Materials provided:
text \<open>A k-graph: a countable category whose morphisms form the set L; objects are
  identified with identity morphisms, r and s give range/codomain and source/domain
  (as identity morphisms), cmp l m is the composite l m (defined when s l = r m),
  and d is a functor to N^k with the (unique) factorisation property.\<close>
definition kgraph ::
  "nat \<Rightarrow> 'a set \<Rightarrow> ('a \<Rightarrow> 'a) \<Rightarrow> ('a \<Rightarrow> 'a) \<Rightarrow> ('a \<Rightarrow> 'a \<Rightarrow> 'a) \<Rightarrow> ('a \<Rightarrow> nat \<Rightarrow> nat) \<Rightarrow> bool"
where
  "kgraph k L r s cmp d \<longleftrightarrow>
     countable L \<and>
     \<comment> \<open>category structure\<close>
     (\<forall>l\<in>L. r l \<in> L \<and> s l \<in> L) \<and>
     (\<forall>l\<in>L. r (r l) = r l \<and> s (r l) = r l \<and> r (s l) = s l \<and> s (s l) = s l) \<and>
     (\<forall>l\<in>L. cmp (r l) l = l \<and> cmp l (s l) = l) \<and>
     (\<forall>l\<in>L. \<forall>m\<in>L. s l = r m \<longrightarrow>
         cmp l m \<in> L \<and> r (cmp l m) = r l \<and> s (cmp l m) = s m) \<and>
     (\<forall>l\<in>L. \<forall>m\<in>L. \<forall>n\<in>L. s l = r m \<longrightarrow> s m = r n \<longrightarrow>
         cmp (cmp l m) n = cmp l (cmp m n)) \<and>
     \<comment> \<open>degree functor into N^k\<close>
     (\<forall>l\<in>L. in_Nk k (d l)) \<and>
     (\<forall>l\<in>L. \<forall>m\<in>L. s l = r m \<longrightarrow> d (cmp l m) = deg_add (d l) (d m)) \<and>
     \<comment> \<open>factorisation property\<close>
     (\<forall>l\<in>L. \<forall>m n. d l = deg_add m n \<longrightarrow>
         (\<exists>!(a, b). a \<in> L \<and> b \<in> L \<and> d a = m \<and> d b = n \<and> s a = r b \<and> l = cmp a b))"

Task: Repeat all the records without altering a single word.

Result of the exercise:
text \<open>A k-graph: a countable category whose morphisms form the set L; objects are
  identified with identity morphisms, r and s give range/codomain and source/domain
  (as identity morphisms), cmp l m is the composite l m (defined when s l = r m),
  and d is a functor to N^k with the (unique) factorisation property.\<close>
definition kgraph ::
  "nat \<Rightarrow> 'a set \<Rightarrow> ('a \<Rightarrow> 'a) \<Rightarrow> ('a \<Rightarrow> 'a) \<Rightarrow> ('a \<Rightarrow> 'a \<Rightarrow> 'a) \<Rightarrow> ('a \<Rightarrow> nat \<Rightarrow> nat) \<Rightarrow> bool"
where
  "kgraph k L r s cmp d \<longleftrightarrow>
     countable L \<and>
     \<comment> \<open>category structure\<close>
     (\<forall>l\<in>L. r l \<in> L \<and> s l \<in> L) \<and>
     (\<forall>l\<in>L. r (r l) = r l \<and> s (r l) = r l \<and> r (s l) = s l \<and> s (s l) = s l) \<and>
     (\<forall>l\<in>L. cmp (r l) l = l \<and> cmp l (s l) = l) \<and>
     (\<forall>l\<in>L. \<forall>m\<in>L. s l = r m \<longrightarrow>
         cmp l m \<in> L \<and> r (cmp l m) = r l \<and> s (cmp l m) = s m) \<and>
     (\<forall>l\<in>L. \<forall>m\<in>L. \<forall>n\<in>L. s l = r m \<longrightarrow> s m = r n \<longrightarrow>
         cmp (cmp l m) n = cmp l (cmp m n)) \<and>
     \<comment> \<open>degree functor into N^k\<close>
     (\<forall>l\<in>L. in_Nk k (d l)) \<and>
     (\<forall>l\<in>L. \<forall>m\<in>L. s l = r m \<longrightarrow> d (cmp l m) = deg_add (d l) (d m)) \<and>
     \<comment> \<open>factorisation property\<close>
     (\<forall>l\<in>L. \<forall>m n. d l = deg_add m n \<longrightarrow>
         (\<exists>!(a, b). a \<in> L \<and> b \<in> L \<and> d a = m \<and> d b = n \<and> s a = r b \<and> l = cmp a b))"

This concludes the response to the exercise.